US Treasury debt prices slipped on Friday after a key consumer sentiment report was not as weak as some dealers had suspected, triggering some profit-taking after Thursday's brisk rally.
With benchmark yields already at five-month lows, data needs to be especially weak to generate more buying interest.
"A cessation of the strong buying which allowed the market to enter such rarefied air was more the cause of the decline than any overt selling," said Ken Logan, managing analyst at IFR Markets.
The 10-year Treasury note fell 9/32 for a yield of 4.11 percent, up from 4.07 percent late Thursday and an early-Friday low of 4.05 percent.
Market players see the next resistance levels at 4.135 percent and then 4.20 percent; the 4.00 percent yield is expected to be tough to break on the downside.
In Friday's sole major report, the University of Michigan's index of consumer sentiment slipped to 95.8 in September from 95.9. The median forecast had been for an increase to 96.5 but dealers had leaned toward a softer number.
The index has been essentially unchanged for four months and has been between 90 and 97 points for 10 of the past 11.
"This relative stability has been remarkable given the ebbs and flows in job creation, the equity markets, the conflict in Iraq, the election campaign, interest rates and gasoline prices," said Steven Wood, economist at Insight Economics.
All eyes are now on Tuesday's Federal Open Market Committee monetary policy-setting meeting. Any shift in the Fed's post-meeting commentary from recent instalments could set the tone for fixed-income markets for several weeks, dealers said.
"The statement following the meeting will be carefully
scrutinised for any sign of future plans," said Richard Gilhooly, fixed-income market strategist at BNP Paribas.

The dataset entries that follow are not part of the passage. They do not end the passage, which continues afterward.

(* Let $G=(V,E)$ be a connected graph with $n$ nodes and let $G'=(V,E\cup \beta)$ be the modified graph after the insertion of a batch $\beta$ of edges. Let $S$ be a set of $r$ shortest paths of $G$ sampled according to $\pi_{G}$, with $r=\frac{c}{\epsilon^{2}}\left(\lfloor\log_{2}\left(VD(G)-2\right)\rfloor+1+\ln\frac{1}{\delta}\right)$ for some constants $\epsilon,\delta\in(0,1)$. Then, if a new set $S'$ of shortest paths of $G'$ is built according to procedure $\mathcal{P}$ and the approximated betweenness centrality $\tilde{c}'_B(v)$ of each node $v$ is computed as the fraction of paths of $S'$ that $v$ is internal to, then \[ \Pr(\exists v\in V\ \text{s.t.}\ |c'_{B}(v)-\tilde{c}'_B(v)|>\epsilon)<\delta, \] where $c'_{B}(v)$ is the new exact value of betweenness centrality of $v$ after the edge insertions.
   Context: For a graph with $n$ nodes, $\sigma_{st}$ denotes the number of shortest paths from $s$ to $t$ and $\sigma_{st}(v)$ the number of those passing through $v$; the (normalized) betweenness centrality is $c_B(v)=\frac{1}{n(n-1)}\sum_{s\neq v\neq t}\frac{\sigma_{st}(v)}{\sigma_{st}}$. The sampling distribution $\pi_G$ assigns to each shortest path $p_{st}$ of $G$ the probability $\pi_G(p_{st})=\frac{1}{n(n-1)}\cdot\frac{1}{\sigma_{st}}$ of being chosen in each of the $r$ independent sampling iterations (choose an ordered node pair $(s,t)$ uniformly at random, then a shortest $s$–$t$ path uniformly at random). $VD(G)$ is the vertex diameter of $G$ (number of nodes on a shortest path of $G$ with the maximum number of nodes), or an upper bound on it that cannot increase under edge insertions in a connected graph; $c\approx 0.5$ is a universal constant. Procedure $\mathcal{P}$: for each sampled path $p_{st}\in S$, keep it ($p'_{st}=p_{st}$) if the new distance $d'_s(t)$ equals the old distance $d_s(t)$ and the new number of shortest paths $\sigma'_{st}$ equals $\sigma_{st}$; otherwise replace it by a path $p'_{st}$ chosen uniformly at random among the set of shortest $s$–$t$ paths in $G'$. *)

theory Defs
  imports "HOL-Probability.Probability"
begin

definition undirected_graph :: "'a set \<Rightarrow> ('a \<times> 'a) set \<Rightarrow> bool" where
  "undirected_graph V E \<longleftrightarrow> finite V \<and> E \<subseteq> V \<times> V \<and> sym E \<and> (\<forall>v. (v, v) \<notin> E)"

definition connected_graph :: "'a set \<Rightarrow> ('a \<times> 'a) set \<Rightarrow> bool" where
  "connected_graph V E \<longleftrightarrow> (\<forall>s\<in>V. \<forall>t\<in>V. (s, t) \<in> E\<^sup>*)"

definition walk :: "('a \<times> 'a) set \<Rightarrow> 'a list \<Rightarrow> bool" where
  "walk E p \<longleftrightarrow> p \<noteq> [] \<and> (\<forall>i. Suc i < length p \<longrightarrow> (p ! i, p ! Suc i) \<in> E)"

definition dist_g :: "('a \<times> 'a) set \<Rightarrow> 'a \<Rightarrow> 'a \<Rightarrow> nat" where
  "dist_g E s t = (LEAST k. \<exists>p. walk E p \<and> hd p = s \<and> last p = t \<and> length p = Suc k)"

definition shortest_paths :: "('a \<times> 'a) set \<Rightarrow> 'a \<Rightarrow> 'a \<Rightarrow> 'a list set" where
  "shortest_paths E s t =
     {p. walk E p \<and> hd p = s \<and> last p = t \<and> length p = Suc (dist_g E s t)}"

Dealers are keen to see if the Fed refers to high energy prices in its statement, as it did in August.
Crude oil futures prices ended at a three-week high on Friday on worries about a succession of storms that could damage Gulf of Mexico production facilities.
The 30-year bond was down 12/32, yielding 4.91 percent, up from 4.88 percent.
Long bond yields are approaching major resistance half-way between 2003 lows and 2004 highs.
Five-year notes were down 7/32 to yield 3.33 percent vs. 3.27 percent, and two-year notes were down 3/32 at a yield of 2.48 percent.
Market expectations still call for the Fed to raise interest rates by a quarter percentage point at its meeting on Tuesday, although there has been growing speculation that the central bank may go slower on rate increase
from there.
"Expect the FOMC to promise a continuation of its 'measured pace,' which should set us up for one more 25 basis points increase before the end of the year," said Carl Tannenbaum, chief economist with LaSalle Bank.
Also on Friday, the Economic Cycle Research Institute's weekly index slipped to 131.7 from 132.5.
The index's annualised growth rate was steady at -0.2 percent.
"The continued weakness in a number of components of the index suggests that it's more than just high oil prices that are ailing the economy," said Lakshman Achuthan, managing director of ECRI.